WORK INSTRUCTION
What you return should match the data below exactly, with every entry reproduced.

Collected data entries:
lemma topological_group_FactGroup:
  assumes N: "N \<lhd> G"
  shows "topological_group (G Mod N) (coset_topology N)"
  unfolding topological_group_def
proof (intro conjI)
  have Ns: "subgroup N G"
    using N normal_imp_subgroup by blast
  let ?q = "\<lambda>x. N #> x"
  show "group (G Mod N)"
    by (rule normal.factorgroup_is_group[OF N])
  show "topspace (coset_topology N) = carrier (G Mod N)"
    by (simp add: FactGroup_def)
  have "quotient_map (prod_topology T T) (prod_topology (coset_topology N) (coset_topology N))
      (\<lambda>(x, y). (?q x, ?q y))"
  proof (rule continuous_open_imp_quotient_map)
    show "continuous_map (prod_topology T T) (prod_topology (coset_topology N) (coset_topology N))
        (\<lambda>(x, y). (?q x, ?q y))"
      by (simp add: continuous_map_prod_top continuous_map_coset_topology)
    show "open_map (prod_topology T T) (prod_topology (coset_topology N) (coset_topology N))
        (\<lambda>(x, y). (?q x, ?q y))"
      by (intro open_map_prod_map open_map_coset_topology Ns)
    show "(\<lambda>(x, y). (?q x, ?q y)) ` topspace (prod_topology T T) =
        topspace (prod_topology (coset_topology N) (coset_topology N))"
      by (auto simp: RCOSETS_def)
  qed
  moreover have "continuous_map (prod_topology T T) (coset_topology N) (?q \<circ> (\<lambda>(x, y). x \<otimes> y))"
    by (rule continuous_map_compose[OF continuous_map_mult continuous_map_coset_topology])
  then have "continuous_map (prod_topology T T) (coset_topology N)
      ((\<lambda>(C, D). C <#> D) \<circ> (\<lambda>(x, y). (?q x, ?q y)))"
    by (rule continuous_map_eq) (auto simp: normal.rcos_sum[OF N])
  ultimately show "continuous_map (prod_topology (coset_topology N) (coset_topology N))
      (coset_topology N) (\<lambda>(C, D). C \<otimes>\<^bsub>G Mod N\<^esub> D)"
    using continuous_compose_quotient_map by fastforce
  have "continuous_map T (coset_topology N) (?q \<circ> (\<lambda>x. inv x))"
    by (rule continuous_map_compose[OF continuous_map_inv continuous_map_coset_topology])
  then have "continuous_map T (coset_topology N) ((\<lambda>C. inv\<^bsub>G Mod N\<^esub> C) \<circ> ?q)"
    by (rule continuous_map_eq)
      (simp add: normal.inv_FactGroup[OF N] normal.rcos_inv[OF N] carrier_FactGroup)
  then show "continuous_map (coset_topology N) (coset_topology N) (\<lambda>C. inv\<^bsub>G Mod N\<^esub> C)"
    by (rule continuous_compose_quotient_map[OF quotient_map_coset_topology])
qed

lemma Hausdorff_coset_topology:
  assumes N: "subgroup N G"
    and separating: "\<And>z. z \<in> carrier G \<Longrightarrow> z \<notin> N \<Longrightarrow>
                        \<exists>H. subgroup H G \<and> openin T H \<and> N \<subseteq> H \<and> z \<notin> H"
  shows "Hausdorff_space (coset_topology N)"
  unfolding Hausdorff_space_def
proof (intro allI impI)
  fix C D
  assume "C \<in> topspace (coset_topology N) \<and> D \<in> topspace (coset_topology N) \<and> C \<noteq> D"
  then obtain a b where ab: "a \<in> carrier G" "b \<in> carrier G" "C = N #> a" "D = N #> b"
    and ne: "N #> a \<noteq> N #> b"
    by (auto simp: RCOSETS_def)
  then have "a \<otimes> inv b \<notin> N"
    using rcos_eq_iff[OF N] by blast
  then obtain H where H: "subgroup H G" "openin T H" "N \<subseteq> H" "a \<otimes> inv b \<notin> H"
    using separating ab by blast
  let ?A = "(\<lambda>x. N #> x) ` (H #> a)" and ?B = "(\<lambda>x. N #> x) ` (H #> b)"
  have "openin (coset_topology N) ?A" "openin (coset_topology N) ?B"
    using open_map_coset_topology[OF N] openin_rcos[OF H(1,2)] ab(1,2)
    unfolding open_map_def by blast+
  moreover have "C \<in> ?A" "D \<in> ?B"
    using ab rcos_self[OF _ H(1)] by auto
  moreover have "disjnt ?A ?B"
  proof -
    have "H #> a = H #> b"
      if z: "z1 \<in> H #> a" "z2 \<in> H #> b" and eq: "N #> z1 = N #> z2" for z1 z2
    proof -
      have zc: "z1 \<in> carrier G" "z2 \<in> carrier G"
        using z ab subgroup.elemrcos_carrier[OF H(1) is_group] by blast+
      have "H #> z1 = H #> z2"
        using eq H(3) rcos_eq_iff[OF N zc] rcos_eq_iff[OF H(1) zc] by blast
      then show ?thesis
        using repr_independence[OF z(1) ab(1) H(1)] repr_independence[OF z(2) ab(2) H(1)] by simp
    qed
    then show ?thesis
      using H(4) rcos_eq_iff[OF H(1) ab(1,2)] by (auto simp: disjnt_def)
  qed
  ultimately show "\<exists>U V. openin (coset_topology N) U \<and> openin (coset_topology N) V \<and>
                         C \<in> U \<and> D \<in> V \<and> disjnt U V"
    by blast
qed

lemma continuous_map_set_mult_coset_topology:
  assumes "subgroup M G" "subgroup N G" "M \<subseteq> N"
  shows "continuous_map (coset_topology M) (coset_topology N) (\<lambda>C. N <#> C)"
proof (rule continuous_compose_quotient_map[OF quotient_map_coset_topology])
  show "continuous_map T (coset_topology N) ((\<lambda>C. N <#> C) \<circ> (\<lambda>x. M #> x))"
    using continuous_map_coset_topology
    by (rule continuous_map_eq) (simp add: set_mult_rcos_subgroup[OF assms])
qed

lemma topgroup_automorphism_inv_into:
  assumes "topgroup_automorphism G T f"
  shows "topgroup_automorphism G T (inv_into (carrier G) f)"
proof -
  have "homeomorphic_maps T T f (inv_into (carrier G) f)"
    using homeomorphic_maps_inv_into[of T T f] assms by (simp add: topgroup_automorphism_def)
  then show ?thesis
    using assms iso_set_sym
    by (simp add: topgroup_automorphism_def homeomorphic_maps_map)
qed

lemma topgroup_automorphism_aut_power:
  assumes f: "topgroup_automorphism G T f"
  shows "topgroup_automorphism G T (aut_power G f k)"
proof -
  have "topgroup_automorphism G T (g ^^ n)" if g: "topgroup_automorphism G T g" for g n
  proof (induction n)
    case 0
    have "homeomorphic_map T T (\<lambda>x. x)"
      using homeomorphic_map_id[of T T] by (simp add: id_def)
    then show ?case
      by (simp add: topgroup_automorphism_def iso_set_refl id_def)
  next
    case (Suc n)
    have "g \<circ> g ^^ n \<in> iso G G" "homeomorphic_map T T (g \<circ> g ^^ n)"
      using Suc.IH g iso_set_trans homeomorphic_map_compose
      unfolding topgroup_automorphism_def by blast+
    then show ?case
      unfolding topgroup_automorphism_def funpow.simps(2) by blast
  qed
  then show ?thesis
    using f topgroup_automorphism_inv_into[OF f] by (simp add: aut_power_def)
qed

lemma continuous_map_image_coset_topology:
  assumes h: "h \<in> hom G G" "continuous_map T T h" and N: "N \<subseteq> carrier G" "h ` N = N"
  shows "continuous_map (coset_topology N) (coset_topology N) (\<lambda>C. h ` C)"
proof (rule continuous_compose_quotient_map[OF quotient_map_coset_topology])
  have "continuous_map T (coset_topology N) ((\<lambda>x. N #> x) \<circ> h)"
    by (rule continuous_map_compose[OF h(2) continuous_map_coset_topology])
  then show "continuous_map T (coset_topology N) ((\<lambda>C. h ` C) \<circ> (\<lambda>x. N #> x))"
    by (rule continuous_map_eq) (simp add: image_rcos_hom[OF h(1) N(1)] N(2))
qed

YOUR RESPONSE
lemma topological_group_FactGroup:
  assumes N: "N \<lhd> G"
  shows "topological_group (G Mod N) (coset_topology N)"
  unfolding topological_group_def
proof (intro conjI)
  have Ns: "subgroup N G"
    using N normal_imp_subgroup by blast
  let ?q = "\<lambda>x. N #> x"
  show "group (G Mod N)"
    by (rule normal.factorgroup_is_group[OF N])
  show "topspace (coset_topology N) = carrier (G Mod N)"
    by (simp add: FactGroup_def)
  have "quotient_map (prod_topology T T) (prod_topology (coset_topology N) (coset_topology N))
      (\<lambda>(x, y). (?q x, ?q y))"
  proof (rule continuous_open_imp_quotient_map)
    show "continuous_map (prod_topology T T) (prod_topology (coset_topology N) (coset_topology N))
        (\<lambda>(x, y). (?q x, ?q y))"
      by (simp add: continuous_map_prod_top continuous_map_coset_topology)
    show "open_map (prod_topology T T) (prod_topology (coset_topology N) (coset_topology N))
        (\<lambda>(x, y). (?q x, ?q y))"
      by (intro open_map_prod_map open_map_coset_topology Ns)
    show "(\<lambda>(x, y). (?q x, ?q y)) ` topspace (prod_topology T T) =
        topspace (prod_topology (coset_topology N) (coset_topology N))"
      by (auto simp: RCOSETS_def)
  qed
  moreover have "continuous_map (prod_topology T T) (coset_topology N) (?q \<circ> (\<lambda>(x, y). x \<otimes> y))"
    by (rule continuous_map_compose[OF continuous_map_mult continuous_map_coset_topology])
  then have "continuous_map (prod_topology T T) (coset_topology N)
      ((\<lambda>(C, D). C <#> D) \<circ> (\<lambda>(x, y). (?q x, ?q y)))"
    by (rule continuous_map_eq) (auto simp: normal.rcos_sum[OF N])
  ultimately show "continuous_map (prod_topology (coset_topology N) (coset_topology N))
      (coset_topology N) (\<lambda>(C, D). C \<otimes>\<^bsub>G Mod N\<^esub> D)"
    using continuous_compose_quotient_map by fastforce
  have "continuous_map T (coset_topology N) (?q \<circ> (\<lambda>x. inv x))"
    by (rule continuous_map_compose[OF continuous_map_inv continuous_map_coset_topology])
  then have "continuous_map T (coset_topology N) ((\<lambda>C. inv\<^bsub>G Mod N\<^esub> C) \<circ> ?q)"
    by (rule continuous_map_eq)
      (simp add: normal.inv_FactGroup[OF N] normal.rcos_inv[OF N] carrier_FactGroup)
  then show "continuous_map (coset_topology N) (coset_topology N) (\<lambda>C. inv\<^bsub>G Mod N\<^esub> C)"
    by (rule continuous_compose_quotient_map[OF quotient_map_coset_topology])
qed

lemma Hausdorff_coset_topology:
  assumes N: "subgroup N G"
    and separating: "\<And>z. z \<in> carrier G \<Longrightarrow> z \<notin> N \<Longrightarrow>
                        \<exists>H. subgroup H G \<and> openin T H \<and> N \<subseteq> H \<and> z \<notin> H"
  shows "Hausdorff_space (coset_topology N)"
  unfolding Hausdorff_space_def
proof (intro allI impI)
  fix C D
  assume "C \<in> topspace (coset_topology N) \<and> D \<in> topspace (coset_topology N) \<and> C \<noteq> D"
  then obtain a b where ab: "a \<in> carrier G" "b \<in> carrier G" "C = N #> a" "D = N #> b"
    and ne: "N #> a \<noteq> N #> b"
    by (auto simp: RCOSETS_def)
  then have "a \<otimes> inv b \<notin> N"
    using rcos_eq_iff[OF N] by blast
  then obtain H where H: "subgroup H G" "openin T H" "N \<subseteq> H" "a \<otimes> inv b \<notin> H"
    using separating ab by blast
  let ?A = "(\<lambda>x. N #> x) ` (H #> a)" and ?B = "(\<lambda>x. N #> x) ` (H #> b)"
  have "openin (coset_topology N) ?A" "openin (coset_topology N) ?B"
    using open_map_coset_topology[OF N] openin_rcos[OF H(1,2)] ab(1,2)
    unfolding open_map_def by blast+
  moreover have "C \<in> ?A" "D \<in> ?B"
    using ab rcos_self[OF _ H(1)] by auto
  moreover have "disjnt ?A ?B"
  proof -
    have "H #> a = H #> b"
      if z: "z1 \<in> H #> a" "z2 \<in> H #> b" and eq: "N #> z1 = N #> z2" for z1 z2
    proof -
      have zc: "z1 \<in> carrier G" "z2 \<in> carrier G"
        using z ab subgroup.elemrcos_carrier[OF H(1) is_group] by blast+
      have "H #> z1 = H #> z2"
        using eq H(3) rcos_eq_iff[OF N zc] rcos_eq_iff[OF H(1) zc] by blast
      then show ?thesis
        using repr_independence[OF z(1) ab(1) H(1)] repr_independence[OF z(2) ab(2) H(1)] by simp
    qed
    then show ?thesis
      using H(4) rcos_eq_iff[OF H(1) ab(1,2)] by (auto simp: disjnt_def)
  qed
  ultimately show "\<exists>U V. openin (coset_topology N) U \<and> openin (coset_topology N) V \<and>
                         C \<in> U \<and> D \<in> V \<and> disjnt U V"
    by blast
qed

lemma continuous_map_set_mult_coset_topology:
  assumes "subgroup M G" "subgroup N G" "M \<subseteq> N"
  shows "continuous_map (coset_topology M) (coset_topology N) (\<lambda>C. N <#> C)"
proof (rule continuous_compose_quotient_map[OF quotient_map_coset_topology])
  show "continuous_map T (coset_topology N) ((\<lambda>C. N <#> C) \<circ> (\<lambda>x. M #> x))"
    using continuous_map_coset_topology
    by (rule continuous_map_eq) (simp add: set_mult_rcos_subgroup[OF assms])
qed

lemma topgroup_automorphism_inv_into:
  assumes "topgroup_automorphism G T f"
  shows "topgroup_automorphism G T (inv_into (carrier G) f)"
proof -
  have "homeomorphic_maps T T f (inv_into (carrier G) f)"
    using homeomorphic_maps_inv_into[of T T f] assms by (simp add: topgroup_automorphism_def)
  then show ?thesis
    using assms iso_set_sym
    by (simp add: topgroup_automorphism_def homeomorphic_maps_map)
qed

lemma topgroup_automorphism_aut_power:
  assumes f: "topgroup_automorphism G T f"
  shows "topgroup_automorphism G T (aut_power G f k)"
proof -
  have "topgroup_automorphism G T (g ^^ n)" if g: "topgroup_automorphism G T g" for g n
  proof (induction n)
    case 0
    have "homeomorphic_map T T (\<lambda>x. x)"
      using homeomorphic_map_id[of T T] by (simp add: id_def)
    then show ?case
      by (simp add: topgroup_automorphism_def iso_set_refl id_def)
  next
    case (Suc n)
    have "g \<circ> g ^^ n \<in> iso G G" "homeomorphic_map T T (g \<circ> g ^^ n)"
      using Suc.IH g iso_set_trans homeomorphic_map_compose
      unfolding topgroup_automorphism_def by blast+
    then show ?case
      unfolding topgroup_automorphism_def funpow.simps(2) by blast
  qed
  then show ?thesis
    using f topgroup_automorphism_inv_into[OF f] by (simp add: aut_power_def)
qed

lemma continuous_map_image_coset_topology:
  assumes h: "h \<in> hom G G" "continuous_map T T h" and N: "N \<subseteq> carrier G" "h ` N = N"
  shows "continuous_map (coset_topology N) (coset_topology N) (\<lambda>C. h ` C)"
proof (rule continuous_compose_quotient_map[OF quotient_map_coset_topology])
  have "continuous_map T (coset_topology N) ((\<lambda>x. N #> x) \<circ> h)"
    by (rule continuous_map_compose[OF h(2) continuous_map_coset_topology])
  then show "continuous_map T (coset_topology N) ((\<lambda>C. h ` C) \<circ> (\<lambda>x. N #> x))"
    by (rule continuous_map_eq) (simp add: image_rcos_hom[OF h(1) N(1)] N(2))
qed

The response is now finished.